■ ACTIVITY
This task calls for copying each line below that contains "longrightarrow".

■ RAW DATA
——

theorem theorem3p10:
  assumes "CARD('n) \<ge> 2"
  shows "(\<forall>A :: 'a::{field,finite} ^ 'n ^ 'n. A \<noteq> 0 \<longrightarrow> (\<exists>B\<in>SL. \<exists>C\<in>SL. A = B + C))
    \<and> ((even CARD('n) \<or> CHAR('a) = 2) \<longrightarrow>
         (\<exists>B\<in>SL. \<exists>C\<in>SL. (0 :: 'a::{field,finite} ^ 'n ^ 'n) = B + C))
    \<and> (\<not> (even CARD('n) \<or> CHAR('a) = 2) \<longrightarrow>
         \<not> (\<exists>B\<in>SL. \<exists>C\<in>SL. (0 :: 'a::{field,finite} ^ 'n ^ 'n) = B + C)
         \<and> (\<exists>B\<in>SL. \<exists>C\<in>SL. \<exists>D\<in>SL. (0 :: 'a::{field,finite} ^ 'n ^ 'n) = B + C + D))"
proof -
  have nonzero: "SL_sum A" if "A \<noteq> 0" for A :: "'a ^ 'n ^ 'n"
    using SL_sum_if_nonzero[OF assms that] .
  have zero: "SL_sum (0 :: 'a ^ 'n ^ 'n) \<longleftrightarrow> even CARD('n) \<or> CHAR('a) = 2"
    by (simp add: SL_sum_zero_iff neg_one_power_eq_one_iff)
  have "(- mat 1 :: 'a ^ 'n ^ 'n) \<noteq> 0"
    by (simp add: vec_eq_iff mat_def)
  then obtain B C :: "'a ^ 'n ^ 'n" where "B \<in> SL" "C \<in> SL" and "- mat 1 = B + C"
    using nonzero unfolding SL_sum_def by blast
  then have "0 = B + C + mat 1" and "(mat 1 :: 'a ^ 'n ^ 'n) \<in> SL"
    by (simp_all add: SL_def flip: \<open>- mat 1 = B + C\<close>)
  with \<open>B \<in> SL\<close> \<open>C \<in> SL\<close> have three: "\<exists>B\<in>SL. \<exists>C\<in>SL. \<exists>D\<in>SL. (0 :: 'a ^ 'n ^ 'n) = B + C + D"
    by blast
  show ?thesis
    unfolding SL_sum_def[symmetric] using nonzero zero three by auto
qed

end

——

■ EXERCISE SOLUTION
  shows "(\<forall>A :: 'a::{field,finite} ^ 'n ^ 'n. A \<noteq> 0 \<longrightarrow> (\<exists>B\<in>SL. \<exists>C\<in>SL. A = B + C))
    \<and> ((even CARD('n) \<or> CHAR('a) = 2) \<longrightarrow>
    \<and> (\<not> (even CARD('n) \<or> CHAR('a) = 2) \<longrightarrow>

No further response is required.